**Activity:**
Copy each line below in which the word "mathcal" occurs.

(Given entries begins)

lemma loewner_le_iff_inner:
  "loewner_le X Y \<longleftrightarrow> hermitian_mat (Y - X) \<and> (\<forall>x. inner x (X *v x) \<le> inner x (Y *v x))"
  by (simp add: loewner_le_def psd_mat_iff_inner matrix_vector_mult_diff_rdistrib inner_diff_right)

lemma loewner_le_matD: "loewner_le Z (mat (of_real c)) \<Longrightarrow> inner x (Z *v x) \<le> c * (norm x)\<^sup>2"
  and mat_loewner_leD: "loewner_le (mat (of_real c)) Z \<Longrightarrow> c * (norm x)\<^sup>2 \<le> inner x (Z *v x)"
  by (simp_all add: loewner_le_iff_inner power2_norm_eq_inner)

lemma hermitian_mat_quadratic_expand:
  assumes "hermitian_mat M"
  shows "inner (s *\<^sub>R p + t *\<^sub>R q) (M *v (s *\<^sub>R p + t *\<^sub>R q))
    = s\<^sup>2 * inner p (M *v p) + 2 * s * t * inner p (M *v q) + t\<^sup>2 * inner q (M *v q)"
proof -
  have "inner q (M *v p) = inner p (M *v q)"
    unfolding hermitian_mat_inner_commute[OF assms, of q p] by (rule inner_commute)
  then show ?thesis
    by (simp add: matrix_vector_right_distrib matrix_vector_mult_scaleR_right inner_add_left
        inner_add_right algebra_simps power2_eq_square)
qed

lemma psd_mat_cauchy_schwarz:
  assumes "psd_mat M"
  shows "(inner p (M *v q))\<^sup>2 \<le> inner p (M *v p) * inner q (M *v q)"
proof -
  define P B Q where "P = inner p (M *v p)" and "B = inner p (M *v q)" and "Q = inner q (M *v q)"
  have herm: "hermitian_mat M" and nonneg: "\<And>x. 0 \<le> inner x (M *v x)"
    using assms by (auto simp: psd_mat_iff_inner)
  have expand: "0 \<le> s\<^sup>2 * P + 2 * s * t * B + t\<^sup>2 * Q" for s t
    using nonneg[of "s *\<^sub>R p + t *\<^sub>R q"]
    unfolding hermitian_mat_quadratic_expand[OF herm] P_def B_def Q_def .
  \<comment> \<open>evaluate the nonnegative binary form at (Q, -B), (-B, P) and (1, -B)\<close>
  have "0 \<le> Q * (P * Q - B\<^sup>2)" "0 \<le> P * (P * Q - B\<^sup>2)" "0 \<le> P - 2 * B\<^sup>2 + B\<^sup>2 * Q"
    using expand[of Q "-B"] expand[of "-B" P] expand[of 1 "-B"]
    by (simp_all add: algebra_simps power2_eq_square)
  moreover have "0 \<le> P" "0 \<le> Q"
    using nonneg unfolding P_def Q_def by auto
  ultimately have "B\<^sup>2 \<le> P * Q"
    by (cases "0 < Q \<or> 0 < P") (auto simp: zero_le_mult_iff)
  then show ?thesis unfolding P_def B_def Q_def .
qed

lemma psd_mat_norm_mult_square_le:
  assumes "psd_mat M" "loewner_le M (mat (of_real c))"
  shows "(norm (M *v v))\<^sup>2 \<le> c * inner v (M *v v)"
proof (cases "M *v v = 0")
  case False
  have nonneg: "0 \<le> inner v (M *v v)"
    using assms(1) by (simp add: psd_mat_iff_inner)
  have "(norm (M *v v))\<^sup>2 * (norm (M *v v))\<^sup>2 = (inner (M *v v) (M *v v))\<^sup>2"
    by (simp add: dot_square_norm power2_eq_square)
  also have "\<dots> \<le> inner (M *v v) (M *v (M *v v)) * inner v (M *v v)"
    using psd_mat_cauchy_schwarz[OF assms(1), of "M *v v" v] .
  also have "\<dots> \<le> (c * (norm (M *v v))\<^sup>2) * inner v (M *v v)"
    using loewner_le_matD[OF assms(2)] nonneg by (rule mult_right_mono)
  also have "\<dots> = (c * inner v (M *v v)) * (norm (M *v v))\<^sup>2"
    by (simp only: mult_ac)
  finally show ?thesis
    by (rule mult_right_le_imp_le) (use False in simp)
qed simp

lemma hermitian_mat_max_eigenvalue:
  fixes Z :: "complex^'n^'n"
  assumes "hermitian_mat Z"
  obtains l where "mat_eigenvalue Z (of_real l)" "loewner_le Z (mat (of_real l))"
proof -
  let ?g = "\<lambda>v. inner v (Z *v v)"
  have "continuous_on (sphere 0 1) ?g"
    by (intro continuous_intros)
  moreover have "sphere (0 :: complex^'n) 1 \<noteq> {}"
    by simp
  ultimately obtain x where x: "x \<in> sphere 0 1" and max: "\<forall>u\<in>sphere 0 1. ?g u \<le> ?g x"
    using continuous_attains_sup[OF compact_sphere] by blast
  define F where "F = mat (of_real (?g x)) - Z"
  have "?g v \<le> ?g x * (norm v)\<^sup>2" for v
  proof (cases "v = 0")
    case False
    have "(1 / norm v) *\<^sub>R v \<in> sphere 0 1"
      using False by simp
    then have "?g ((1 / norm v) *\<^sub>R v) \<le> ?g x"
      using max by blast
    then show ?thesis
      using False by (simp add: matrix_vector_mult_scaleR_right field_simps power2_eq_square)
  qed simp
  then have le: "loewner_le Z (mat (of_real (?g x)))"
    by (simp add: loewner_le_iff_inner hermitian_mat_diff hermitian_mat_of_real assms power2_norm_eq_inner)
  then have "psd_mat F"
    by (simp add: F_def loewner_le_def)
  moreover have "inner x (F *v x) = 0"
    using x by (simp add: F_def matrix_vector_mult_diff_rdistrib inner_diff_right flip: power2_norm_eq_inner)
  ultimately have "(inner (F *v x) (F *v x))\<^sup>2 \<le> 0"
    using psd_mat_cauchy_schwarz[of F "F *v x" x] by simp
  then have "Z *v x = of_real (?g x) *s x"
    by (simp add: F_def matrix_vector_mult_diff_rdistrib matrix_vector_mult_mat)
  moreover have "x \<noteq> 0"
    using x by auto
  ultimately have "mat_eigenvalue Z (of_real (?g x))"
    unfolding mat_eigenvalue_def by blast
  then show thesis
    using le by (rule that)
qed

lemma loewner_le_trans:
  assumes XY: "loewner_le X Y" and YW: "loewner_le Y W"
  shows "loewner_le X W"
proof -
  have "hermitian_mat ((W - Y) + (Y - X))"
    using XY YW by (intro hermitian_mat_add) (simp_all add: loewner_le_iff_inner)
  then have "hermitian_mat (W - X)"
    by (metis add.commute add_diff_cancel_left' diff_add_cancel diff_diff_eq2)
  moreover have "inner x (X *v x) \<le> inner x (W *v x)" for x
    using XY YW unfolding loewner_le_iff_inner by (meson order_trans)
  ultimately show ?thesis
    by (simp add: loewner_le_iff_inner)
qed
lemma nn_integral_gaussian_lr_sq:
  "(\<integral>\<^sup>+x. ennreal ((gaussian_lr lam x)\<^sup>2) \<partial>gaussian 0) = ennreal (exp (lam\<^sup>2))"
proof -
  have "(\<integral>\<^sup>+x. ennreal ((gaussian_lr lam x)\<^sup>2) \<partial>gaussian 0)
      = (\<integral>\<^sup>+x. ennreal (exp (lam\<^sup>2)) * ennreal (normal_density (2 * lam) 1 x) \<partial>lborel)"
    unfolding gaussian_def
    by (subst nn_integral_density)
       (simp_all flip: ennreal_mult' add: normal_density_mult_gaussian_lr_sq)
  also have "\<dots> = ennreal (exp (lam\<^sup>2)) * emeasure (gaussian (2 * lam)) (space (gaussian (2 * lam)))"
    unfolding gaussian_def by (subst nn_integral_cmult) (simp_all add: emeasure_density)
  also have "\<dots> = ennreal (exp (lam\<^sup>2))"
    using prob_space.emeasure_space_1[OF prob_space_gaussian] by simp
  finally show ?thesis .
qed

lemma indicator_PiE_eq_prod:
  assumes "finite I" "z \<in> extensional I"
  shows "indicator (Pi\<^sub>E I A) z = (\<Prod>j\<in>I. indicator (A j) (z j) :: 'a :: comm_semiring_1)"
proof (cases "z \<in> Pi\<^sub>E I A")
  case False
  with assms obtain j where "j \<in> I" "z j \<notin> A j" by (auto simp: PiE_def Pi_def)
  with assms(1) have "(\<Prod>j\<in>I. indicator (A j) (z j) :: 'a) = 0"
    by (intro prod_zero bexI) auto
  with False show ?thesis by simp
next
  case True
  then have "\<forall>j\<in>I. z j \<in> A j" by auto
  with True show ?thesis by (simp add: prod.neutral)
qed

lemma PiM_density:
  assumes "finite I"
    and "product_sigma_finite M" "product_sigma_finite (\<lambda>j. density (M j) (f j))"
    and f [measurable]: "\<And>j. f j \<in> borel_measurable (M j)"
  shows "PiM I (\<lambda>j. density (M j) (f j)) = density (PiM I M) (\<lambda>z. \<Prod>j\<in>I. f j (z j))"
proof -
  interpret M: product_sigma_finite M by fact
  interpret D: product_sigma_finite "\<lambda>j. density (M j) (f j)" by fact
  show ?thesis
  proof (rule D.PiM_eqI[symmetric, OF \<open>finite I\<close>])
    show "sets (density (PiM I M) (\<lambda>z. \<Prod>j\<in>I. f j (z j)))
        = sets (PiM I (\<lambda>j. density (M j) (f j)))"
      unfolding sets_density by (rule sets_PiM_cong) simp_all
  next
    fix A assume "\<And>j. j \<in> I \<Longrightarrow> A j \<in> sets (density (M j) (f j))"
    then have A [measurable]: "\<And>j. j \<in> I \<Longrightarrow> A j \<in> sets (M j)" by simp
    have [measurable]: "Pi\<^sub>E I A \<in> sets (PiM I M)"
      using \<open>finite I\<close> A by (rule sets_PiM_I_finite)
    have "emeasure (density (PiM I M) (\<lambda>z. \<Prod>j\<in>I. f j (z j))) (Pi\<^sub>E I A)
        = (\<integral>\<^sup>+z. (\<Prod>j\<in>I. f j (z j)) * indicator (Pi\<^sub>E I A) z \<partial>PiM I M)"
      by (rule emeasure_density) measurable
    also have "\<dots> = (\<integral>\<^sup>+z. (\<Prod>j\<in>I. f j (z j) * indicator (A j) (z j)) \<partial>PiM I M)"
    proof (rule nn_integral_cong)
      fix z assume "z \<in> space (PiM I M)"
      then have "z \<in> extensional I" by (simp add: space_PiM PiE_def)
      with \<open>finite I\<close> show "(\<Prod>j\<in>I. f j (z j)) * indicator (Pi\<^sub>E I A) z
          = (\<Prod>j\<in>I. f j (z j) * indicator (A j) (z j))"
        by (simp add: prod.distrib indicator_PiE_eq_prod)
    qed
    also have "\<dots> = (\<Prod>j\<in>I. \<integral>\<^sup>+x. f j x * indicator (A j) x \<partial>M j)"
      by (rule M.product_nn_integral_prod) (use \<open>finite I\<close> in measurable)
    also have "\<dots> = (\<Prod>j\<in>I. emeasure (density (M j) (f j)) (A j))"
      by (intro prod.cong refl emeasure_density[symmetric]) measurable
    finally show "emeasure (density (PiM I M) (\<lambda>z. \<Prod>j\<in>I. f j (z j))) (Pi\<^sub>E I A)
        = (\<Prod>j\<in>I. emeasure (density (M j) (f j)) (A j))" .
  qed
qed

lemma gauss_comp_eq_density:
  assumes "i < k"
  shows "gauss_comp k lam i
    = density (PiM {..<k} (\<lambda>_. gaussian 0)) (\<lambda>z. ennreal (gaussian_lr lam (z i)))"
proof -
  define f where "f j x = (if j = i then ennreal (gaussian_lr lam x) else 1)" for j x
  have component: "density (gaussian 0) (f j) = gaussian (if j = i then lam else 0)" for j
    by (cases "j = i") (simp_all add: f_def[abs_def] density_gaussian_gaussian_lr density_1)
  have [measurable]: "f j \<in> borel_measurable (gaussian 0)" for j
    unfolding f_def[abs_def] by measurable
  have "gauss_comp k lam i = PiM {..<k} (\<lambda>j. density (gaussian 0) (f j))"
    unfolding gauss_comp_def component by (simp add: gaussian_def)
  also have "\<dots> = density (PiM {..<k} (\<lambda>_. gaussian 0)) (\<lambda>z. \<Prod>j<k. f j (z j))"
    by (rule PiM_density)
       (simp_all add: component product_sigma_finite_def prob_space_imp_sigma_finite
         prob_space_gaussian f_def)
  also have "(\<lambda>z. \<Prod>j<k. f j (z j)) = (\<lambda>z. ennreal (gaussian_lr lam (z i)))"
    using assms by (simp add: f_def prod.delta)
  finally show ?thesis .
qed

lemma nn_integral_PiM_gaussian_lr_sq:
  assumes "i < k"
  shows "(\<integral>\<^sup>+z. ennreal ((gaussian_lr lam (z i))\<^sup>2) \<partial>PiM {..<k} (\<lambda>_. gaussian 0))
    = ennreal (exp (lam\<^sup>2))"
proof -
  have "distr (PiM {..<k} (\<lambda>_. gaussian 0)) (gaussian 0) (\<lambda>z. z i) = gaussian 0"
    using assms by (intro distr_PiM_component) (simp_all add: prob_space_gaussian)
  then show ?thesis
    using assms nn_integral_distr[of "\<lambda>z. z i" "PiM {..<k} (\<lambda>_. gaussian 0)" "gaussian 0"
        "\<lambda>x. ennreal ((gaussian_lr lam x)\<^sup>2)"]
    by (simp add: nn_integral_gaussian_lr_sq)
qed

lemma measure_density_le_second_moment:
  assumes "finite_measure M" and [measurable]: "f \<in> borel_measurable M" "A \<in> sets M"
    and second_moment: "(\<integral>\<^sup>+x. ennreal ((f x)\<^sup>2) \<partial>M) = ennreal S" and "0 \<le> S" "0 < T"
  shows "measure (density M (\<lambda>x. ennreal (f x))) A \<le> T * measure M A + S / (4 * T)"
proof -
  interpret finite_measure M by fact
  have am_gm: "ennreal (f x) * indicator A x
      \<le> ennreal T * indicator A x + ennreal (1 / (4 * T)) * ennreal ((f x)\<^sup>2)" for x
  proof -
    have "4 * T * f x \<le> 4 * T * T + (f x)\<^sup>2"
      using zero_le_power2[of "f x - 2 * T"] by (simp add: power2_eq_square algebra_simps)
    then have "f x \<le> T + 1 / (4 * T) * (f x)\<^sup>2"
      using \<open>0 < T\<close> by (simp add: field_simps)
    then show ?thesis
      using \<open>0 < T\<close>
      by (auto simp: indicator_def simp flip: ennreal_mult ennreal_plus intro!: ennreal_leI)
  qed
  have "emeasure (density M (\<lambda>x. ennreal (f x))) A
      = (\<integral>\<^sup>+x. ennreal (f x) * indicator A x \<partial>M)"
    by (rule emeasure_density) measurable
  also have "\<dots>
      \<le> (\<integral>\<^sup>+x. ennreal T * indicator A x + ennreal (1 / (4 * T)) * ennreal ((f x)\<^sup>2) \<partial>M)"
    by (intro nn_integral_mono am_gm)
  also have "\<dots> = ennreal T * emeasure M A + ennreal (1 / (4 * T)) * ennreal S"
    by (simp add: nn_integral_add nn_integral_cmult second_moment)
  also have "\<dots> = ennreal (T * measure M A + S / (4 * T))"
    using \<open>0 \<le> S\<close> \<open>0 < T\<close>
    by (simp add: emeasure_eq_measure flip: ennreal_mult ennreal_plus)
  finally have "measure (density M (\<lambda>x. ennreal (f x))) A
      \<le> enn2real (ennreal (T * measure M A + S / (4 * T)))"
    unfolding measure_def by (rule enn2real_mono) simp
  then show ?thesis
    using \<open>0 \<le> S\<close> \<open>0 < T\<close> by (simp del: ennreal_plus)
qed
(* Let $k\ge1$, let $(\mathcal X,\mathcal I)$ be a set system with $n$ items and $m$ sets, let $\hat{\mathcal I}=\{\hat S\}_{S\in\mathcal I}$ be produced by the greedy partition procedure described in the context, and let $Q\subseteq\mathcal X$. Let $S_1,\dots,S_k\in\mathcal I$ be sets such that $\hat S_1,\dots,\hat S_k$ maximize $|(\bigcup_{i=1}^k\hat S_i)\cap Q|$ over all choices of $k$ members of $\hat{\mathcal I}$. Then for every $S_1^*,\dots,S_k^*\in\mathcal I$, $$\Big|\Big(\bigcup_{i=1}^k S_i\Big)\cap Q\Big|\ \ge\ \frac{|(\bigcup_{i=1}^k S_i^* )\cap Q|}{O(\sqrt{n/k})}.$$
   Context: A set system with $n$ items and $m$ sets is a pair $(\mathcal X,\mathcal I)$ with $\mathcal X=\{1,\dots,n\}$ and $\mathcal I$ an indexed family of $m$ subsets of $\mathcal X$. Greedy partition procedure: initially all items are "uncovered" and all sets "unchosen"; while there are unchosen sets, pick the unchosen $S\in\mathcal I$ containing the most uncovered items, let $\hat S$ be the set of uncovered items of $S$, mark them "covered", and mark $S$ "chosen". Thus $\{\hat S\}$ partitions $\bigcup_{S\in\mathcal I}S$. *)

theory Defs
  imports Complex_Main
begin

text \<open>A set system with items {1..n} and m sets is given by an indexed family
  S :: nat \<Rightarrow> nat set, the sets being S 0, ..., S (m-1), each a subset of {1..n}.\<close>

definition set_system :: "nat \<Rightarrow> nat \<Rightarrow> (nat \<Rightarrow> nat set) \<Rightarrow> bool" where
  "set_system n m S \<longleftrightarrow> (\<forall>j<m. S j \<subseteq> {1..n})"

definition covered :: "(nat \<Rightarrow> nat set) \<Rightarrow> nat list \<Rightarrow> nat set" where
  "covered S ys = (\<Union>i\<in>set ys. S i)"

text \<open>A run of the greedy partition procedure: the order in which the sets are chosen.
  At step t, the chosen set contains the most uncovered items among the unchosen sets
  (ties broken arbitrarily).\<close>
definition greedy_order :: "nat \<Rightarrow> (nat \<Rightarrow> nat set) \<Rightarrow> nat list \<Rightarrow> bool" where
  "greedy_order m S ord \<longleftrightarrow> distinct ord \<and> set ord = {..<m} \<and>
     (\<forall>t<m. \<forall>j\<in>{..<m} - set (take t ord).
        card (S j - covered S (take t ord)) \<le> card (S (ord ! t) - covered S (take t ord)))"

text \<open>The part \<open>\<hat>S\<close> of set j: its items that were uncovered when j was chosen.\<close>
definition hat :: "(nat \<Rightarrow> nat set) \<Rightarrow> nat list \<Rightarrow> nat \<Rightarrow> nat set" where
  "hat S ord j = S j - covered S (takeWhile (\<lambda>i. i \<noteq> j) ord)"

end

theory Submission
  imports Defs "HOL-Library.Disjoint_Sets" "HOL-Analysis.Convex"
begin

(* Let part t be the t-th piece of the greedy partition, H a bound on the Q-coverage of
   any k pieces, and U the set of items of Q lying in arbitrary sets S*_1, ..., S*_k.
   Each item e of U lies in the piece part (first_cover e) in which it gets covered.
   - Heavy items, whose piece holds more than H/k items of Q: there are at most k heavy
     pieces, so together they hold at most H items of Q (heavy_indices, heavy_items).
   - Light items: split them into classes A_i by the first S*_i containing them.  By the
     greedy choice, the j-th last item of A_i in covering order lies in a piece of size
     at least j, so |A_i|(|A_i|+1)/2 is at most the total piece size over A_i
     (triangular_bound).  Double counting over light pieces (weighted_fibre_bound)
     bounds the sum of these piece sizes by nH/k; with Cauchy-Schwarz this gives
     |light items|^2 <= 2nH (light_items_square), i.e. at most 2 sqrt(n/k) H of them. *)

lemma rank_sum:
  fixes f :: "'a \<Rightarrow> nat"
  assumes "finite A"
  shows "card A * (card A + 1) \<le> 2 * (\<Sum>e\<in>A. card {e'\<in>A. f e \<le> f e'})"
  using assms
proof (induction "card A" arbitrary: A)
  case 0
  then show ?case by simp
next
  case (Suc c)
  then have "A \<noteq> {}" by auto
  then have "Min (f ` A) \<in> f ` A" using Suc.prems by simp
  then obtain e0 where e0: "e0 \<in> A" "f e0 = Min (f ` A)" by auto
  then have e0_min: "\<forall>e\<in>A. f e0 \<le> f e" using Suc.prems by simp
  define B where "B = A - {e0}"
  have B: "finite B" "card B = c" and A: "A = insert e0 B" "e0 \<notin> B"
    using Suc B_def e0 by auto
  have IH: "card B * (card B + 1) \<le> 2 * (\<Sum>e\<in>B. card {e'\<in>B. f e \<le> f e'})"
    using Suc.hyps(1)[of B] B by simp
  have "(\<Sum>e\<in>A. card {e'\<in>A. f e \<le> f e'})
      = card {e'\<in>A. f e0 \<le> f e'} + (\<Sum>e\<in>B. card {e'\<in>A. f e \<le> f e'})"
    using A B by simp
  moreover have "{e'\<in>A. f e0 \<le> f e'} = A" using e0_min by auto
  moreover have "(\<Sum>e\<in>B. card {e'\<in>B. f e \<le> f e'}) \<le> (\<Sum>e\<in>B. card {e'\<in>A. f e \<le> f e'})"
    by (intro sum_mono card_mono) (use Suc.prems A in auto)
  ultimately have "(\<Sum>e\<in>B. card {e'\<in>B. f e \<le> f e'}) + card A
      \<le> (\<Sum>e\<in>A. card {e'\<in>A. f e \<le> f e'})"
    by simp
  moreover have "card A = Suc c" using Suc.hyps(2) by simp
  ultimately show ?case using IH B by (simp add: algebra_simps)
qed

(Given entries ends)

**Exercise response:**
(* Let $k\ge1$, let $(\mathcal X,\mathcal I)$ be a set system with $n$ items and $m$ sets, let $\hat{\mathcal I}=\{\hat S\}_{S\in\mathcal I}$ be produced by the greedy partition procedure described in the context, and let $Q\subseteq\mathcal X$. Let $S_1,\dots,S_k\in\mathcal I$ be sets such that $\hat S_1,\dots,\hat S_k$ maximize $|(\bigcup_{i=1}^k\hat S_i)\cap Q|$ over all choices of $k$ members of $\hat{\mathcal I}$. Then for every $S_1^*,\dots,S_k^*\in\mathcal I$, $$\Big|\Big(\bigcup_{i=1}^k S_i\Big)\cap Q\Big|\ \ge\ \frac{|(\bigcup_{i=1}^k S_i^* )\cap Q|}{O(\sqrt{n/k})}.$$
   Context: A set system with $n$ items and $m$ sets is a pair $(\mathcal X,\mathcal I)$ with $\mathcal X=\{1,\dots,n\}$ and $\mathcal I$ an indexed family of $m$ subsets of $\mathcal X$. Greedy partition procedure: initially all items are "uncovered" and all sets "unchosen"; while there are unchosen sets, pick the unchosen $S\in\mathcal I$ containing the most uncovered items, let $\hat S$ be the set of uncovered items of $S$, mark them "covered", and mark $S$ "chosen". Thus $\{\hat S\}$ partitions $\bigcup_{S\in\mathcal I}S$. *)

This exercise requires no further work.